# Found: Paco Pad below Yarmony/above Rancho



## pbowman (Feb 24, 2004)

*bump 1*

Partial bump.

I am not real familar with these, I don't own one. Looks like a paco pad, but in the glued on square that typically (I assumed) has the Jacks Plastic Welding info, the square actually has a shop's name and phone number. I am going to call the shop to see if this was a rental or if they have any record of who might have bought them from their store, but if the owner can clearly identify I will be happy to coordinate its return. 

Anyone know where else besides the buzz I could post this on a lost/found board? I would actually feel guitly keeping this thing, I know how expensive they are. Later.


----------



## rivermanryan (Oct 30, 2003)

Jack has some of the shop labels on the pads where he sells the pads. I have one with the 4Corners label on it.

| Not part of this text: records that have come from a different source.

lemma add_subgroup_adjoin:
  assumes K: "add_subgroup K"
  shows "add_subgroup (adjoin K y)"
  unfolding add_subgroup_def
proof (intro conjI ballI)
  show "0 \<in> adjoin K y"
    using subset_adjoin add_subgroup_zero[OF K] by blast
next
  fix x1 x2 assume "x1 \<in> adjoin K y" "x2 \<in> adjoin K y"
  then obtain k1 j1 k2 j2 where "x1 = k1 + zmul j1 y" "k1 \<in> K" "x2 = k2 + zmul j2 y" "k2 \<in> K"
    unfolding adjoin_def by blast
  moreover have "x1 + x2 = (k1 + k2) + zmul (j1 + j2) y"
    using calculation by (simp add: zmul_add algebra_simps)
  ultimately show "x1 + x2 \<in> adjoin K y"
    unfolding adjoin_def using add_subgroup_add[OF K] by blast
next
  fix x assume "x \<in> adjoin K y"
  then obtain k j where "x = k + zmul j y" "k \<in> K"
    unfolding adjoin_def by blast
  moreover have "- x = (- k) + zmul (- j) y"
    using calculation by (simp add: zmul_minus)
  ultimately show "- x \<in> adjoin K y"
    unfolding adjoin_def using add_subgroup_uminus[OF K] by blast
qed

text \<open>\<open>\<chi>'(k + j y) = \<chi> k + j t\<close> does not depend modulo 1 on the representation \<open>k + j y\<close>
  as soon as \<open>j t \<equiv> \<chi> (j y)\<close> whenever \<open>j y \<in> K\<close>.\<close>
definition extend_character :: "'a::ab_group_add set \<Rightarrow> ('a \<Rightarrow> real) \<Rightarrow> 'a \<Rightarrow> real \<Rightarrow> 'a \<Rightarrow> real" where
  "extend_character K \<chi> y t z =
     (case SOME (k, j). k \<in> K \<and> z = k + zmul j y of (k, j) \<Rightarrow> \<chi> k + of_int j * t)"
(* Let $h\in\mathbb N$ and $u,v\in\mathfrak S_n$ with $u<v$, and let $F$ be an $h$-flipclass of paths from $u$ to $v$. The following are equivalent: (1) the map $i_{TS_F}:F\to P^{TS_F}_h((u,0),(v,h))$ is bijective, i.e. every path of $TS_F$ from $(u,0)$ to $(v,h)$ is effective; (2) for all vertices $(a,i),(b,i+2)$ of $TS_F$ with $(a,i)\le(b,i+2)$ in the poset induced by $TS_F$, the interval $[(a,i),(b,i+2)]$ is a diamond (contains exactly two elements besides its endpoints); and the flip operators $\bar f_1,\dots,\bar f_{h-1}$ act transitively on $P^{TS_F}_h((u,0),(v,h))$, where $\bar f_i$ sends a path $((a_0,0),\dots,(a_h,h))$ to the path obtained by replacing $(a_i,i)$ by the other middle element of the diamond $[(a_{i-1},i-1),(a_{i+1},i+1)]$.
   Context: $\mathfrak S_n$ is the symmetric group on $[n]$, $T$ its transpositions, $\ell$ the length w.r.t. simple transpositions. The Bruhat graph $B(\mathfrak S_n)$ has an edge $x\xrightarrow{t}y$ iff $yx^{-1}=t\in T$ and $\ell(x)<\ell(y)$; Bruhat order: $x\le y$ iff there is a directed path from $x$ to $y$. $P_h(u,v)$ is the set of paths $u=x_0\to\cdots\to x_h=v$ of length $h$. Between two fixed vertices there are $0$ or $2$ paths of length $2$, each the flip of the other; the $i$-th flip operator $f_i$ on $P_h(u,v)$ replaces $x_{i-1}\to x_i\to x_{i+1}$ by its flip; orbits of $\langle f_1,\dots,f_{h-1}\rangle$ on $P_h(u,v)$ are the $h$-flipclasses of paths from $u$ to $v$. The time-support graph $TS_F$ has vertices $(a,i)$ ($0\le i\le h$) such that some path $(x_0,\dots,x_h)\in F$ has $x_i=a$, and edges $(a,i)\xrightarrow{t}(b,i+1)$ whenever some path of $F$ contains $x_i=a\xrightarrow{t}b=x_{i+1}$; it is acyclic and induces a partial order (reachability) on its vertices. $P^{TS_F}_h((u,0),(v,h))$ is the set of paths of length $h$ from $(u,0)$ to $(v,h)$ in $TS_F$, and $i_{TS_F}$ sends $(x_0,\dots,x_h)\in F$ to $((x_0,0),\dots,(x_h,h))$ (it is always injective). A path of $TS_F$ is effective if it is a subpath of $i_{TS_F}(\Gamma)$ for some $\Gamma\in F$. *)

theory Defs
  imports "HOL-Combinatorics.Combinatorics"
begin

type_synonym perm = "nat \<Rightarrow> nat"

definition Sn :: "nat \<Rightarrow> perm set" where
  "Sn n = {p. p permutes {1..n}}"

definition Trans :: "nat \<Rightarrow> perm set" where
  "Trans n = {Transposition.transpose i j | i j. i \<in> {1..n} \<and> j \<in> {1..n} \<and> i \<noteq> j}"

definition len :: "nat \<Rightarrow> perm \<Rightarrow> nat" where
  "len n x = (LEAST k. \<exists>ws. length ws = k \<and> set ws \<subseteq> {1..<n} \<and>
       x = foldr (\<lambda>i f. Transposition.transpose i (Suc i) \<circ> f) ws id)"

definition bedge :: "nat \<Rightarrow> perm \<Rightarrow> perm \<Rightarrow> bool" where
  "bedge n x y \<longleftrightarrow> x \<in> Sn n \<and> y \<in> Sn n \<and> y \<circ> inv x \<in> Trans n \<and> len n x < len n y"

definition bruhat_less :: "nat \<Rightarrow> perm \<Rightarrow> perm \<Rightarrow> bool" where
  "bruhat_less n u v \<longleftrightarrow> (u, v) \<in> {(x, y). bedge n x y}\<^sup>+"

definition Paths :: "nat \<Rightarrow> nat \<Rightarrow> perm \<Rightarrow> perm \<Rightarrow> perm list set" where
  "Paths n h u v = {xs. length xs = Suc h \<and> xs ! 0 = u \<and> xs ! h = v \<and>
       (\<forall>i<h. bedge n (xs ! i) (xs ! Suc i))}"

definition other_mid :: "nat \<Rightarrow> perm \<Rightarrow> perm \<Rightarrow> perm \<Rightarrow> perm" where
  "other_mid n a c b = (THE y. y \<noteq> b \<and> bedge n a y \<and> bedge n y c)"

definition flip :: "nat \<Rightarrow> nat \<Rightarrow> perm list \<Rightarrow> perm list" where
  "flip n i xs = xs[i := other_mid n (xs ! (i - 1)) (xs ! Suc i) (xs ! i)]"

definition flip_rel :: "nat \<Rightarrow> nat \<Rightarrow> perm \<Rightarrow> perm \<Rightarrow> (perm list \<times> perm list) set" where
  "flip_rel n h u v = {(xs, flip n i xs) | xs i. xs \<in> Paths n h u v \<and> 1 \<le> i \<and> i < h}"

text \<open>h-flipclasses: orbits of the group generated by the involutions f_1..f_{h-1} on P_h(u,v).\<close>
definition is_flipclass :: "nat \<Rightarrow> nat \<Rightarrow> perm \<Rightarrow> perm \<Rightarrow> perm list set \<Rightarrow> bool" where
  "is_flipclass n h u v F \<longleftrightarrow>
     (\<exists>xs \<in> Paths n h u v. F = {ys. (xs, ys) \<in> (flip_rel n h u v)\<^sup>*})"

definition TS_vert :: "nat \<Rightarrow> perm list set \<Rightarrow> (perm \<times> nat) set" where
  "TS_vert h F = {(xs ! i, i) | xs i. xs \<in> F \<and> i \<le> h}"

definition TS_edge :: "nat \<Rightarrow> perm list set \<Rightarrow> ((perm \<times> nat) \<times> (perm \<times> nat)) set" where
  "TS_edge h F = {((xs ! i, i), (xs ! Suc i, Suc i)) | xs i. xs \<in> F \<and> i < h}"
(* Let $(x_1,y_1),\dots,(x_n,y_n)\in\mathbb{R}^d\times\mathbb{R}$ be data with empirical measure $\widehat\mu=\frac1n\sum_{i=1}^n\delta_{x_i}$. Let $\sigma(z)=\max(z,0)$ and consider $f_t(x)=\sum_{j=1}^m w_j(t)\sigma(x^Tu_j(t))$ trained on the empirical risk $\frac1{2n}\sum_{i=1}^n(y_i-f_t(x_i))^2$ by the gradient flow $$\frac{dw_j}{dt}=\frac1n\sum_{i=1}^n(y_i-f_t(x_i))\sigma(x_i^Tu_j),\qquad \frac{du_j}{dt}=\frac1n\sum_{i=1}^n(y_i-f_t(x_i))\,w_j\,\mathbb{1}_{x_i^Tu_j\ge0}\,x_i,$$ with initialization $u_j(0)=\Theta_j/\sqrt m$, $w_j(0)=\mathrm{sgn}(\rho_0(\Theta_j))\|\Theta_j\|/\sqrt m$, where $\rho_0$ is a signed measure of finite total variation and $\Theta_j$ are sampled independently from $\rho_0$. Suppose the dynamics reaches a stationarity, with network function $\widehat f_\infty$ and stationary signed measure $\widehat\rho_\infty=\frac1m\sum_j s_j\delta_{\sqrt m\,u_j(\infty)}$, $s_j=\mathrm{sgn}(\rho_0(\Theta_j))$. Let $\widehat{\mathcal{H}}_\infty$ be the (at most rank $n$) RKHS associated with $|\widehat\rho_\infty|$ and $\widehat\mu$ (defined in the context). Then $$\widehat f_\infty\in\arg\min_{g\in\widehat{\mathcal{H}}_\infty}\frac1n\sum_{i=1}^n(y_i-g(x_i))^2.$$
   Context: For a signed measure $\rho=\rho_+-\rho_-$, $|\rho|=\rho_++\rho_-$; $\mathrm{sgn}(\rho_0(\Theta))$ is the sign of $d\rho_0/d|\rho_0|$ at $\Theta$ and sampling from $\rho_0$ means sampling from normalized $|\rho_0|$. With $\mu$ a probability measure on $\mathbb{R}^d$ and $\rho$ a finite, compactly supported signed measure, define $\mathcal{T}:L^2_\mu\to L^2_{|\rho|}$, $(\mathcal{T}f)(\Theta)=\int f(x)\|\Theta\|\sigma(x^T\Theta)\mu(dx)$, with adjoint $(\mathcal{T}^\star p)(x)=\int p(\Theta)\|\Theta\|\sigma(x^T\Theta)|\rho|(d\Theta)$; $\mathcal{T}^\star\mathcal{T}$ is the integral operator with kernel $H(x,\tilde x)=\int\|\Theta\|^2\sigma(x^T\Theta)\sigma(\tilde x^T\Theta)|\rho|(d\Theta)$. With eigendecomposition $\mathcal{T}^\star\mathcal{T}=\sum_i\lambda_ie_ie_i^*$, $\lambda_i>0$, the RKHS is $\{\sum_ih_ie_i:\sum_ih_i^2/\lambda_i<\infty\}$. $\widehat{\mathcal H}_\infty$ is this space with $\mu=\widehat\mu$, $\rho=\widehat\rho_\infty$. "Stationarity" means the weights reach a point at which the gradient-flow vector field vanishes. *)

theory Defs
  imports "HOL-Analysis.Analysis"
begin

definition relu :: "real \<Rightarrow> real" where
  "relu z = max z 0"

definition net :: "nat \<Rightarrow> (nat \<Rightarrow> real) \<Rightarrow> (nat \<Rightarrow> 'a::real_inner) \<Rightarrow> 'a \<Rightarrow> real" where
  "net m w u x = (\<Sum>j<m. w j * relu (x \<bullet> u j))"

definition flow_w :: "nat \<Rightarrow> (nat \<Rightarrow> 'a::real_inner) \<Rightarrow> (nat \<Rightarrow> real) \<Rightarrow> nat
    \<Rightarrow> (nat \<Rightarrow> real) \<Rightarrow> (nat \<Rightarrow> 'a) \<Rightarrow> nat \<Rightarrow> real" where
  "flow_w n x y m w u j =
     (1 / real n) * (\<Sum>i<n. (y i - net m w u (x i)) * relu (x i \<bullet> u j))"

I make sure I have my name and number on all my pads. Seems like a common theme in the lost & found. Take a sharpie and go to town some afternoon.

If no one can make the claim, that is a score for you. Your slowly becoming a real rafter! Real rafters don't use thermorests!


----------



## pbowman (Feb 24, 2004)

*bump 2*

catwoman posted about a lot of raft flips that w/e at yarmony hole, anyone loose this paco pad??


----------



## catwoman (Jun 22, 2009)

Hey,
Those folks did lose a paco pad. I am trying to find them becuase I seem to have lost my wet suit in that ordeal; which I was pretty bummed about as I set off for WW last weekend. I had taken it out to help warm the cold folks, and am hoping they have it. They are from Breck, and I think the guide was named Eric, he is a river guide, and I think he works out of rancho. Let me know vis PM if you know how to get a hold of them.


----------



## pbowman (Feb 24, 2004)

*bump 3*

still have not heard from anyone on this paco pad. does anyone know the guide out of Rancho that catwoman refered to? if so, maybe mention this to him. later.


----------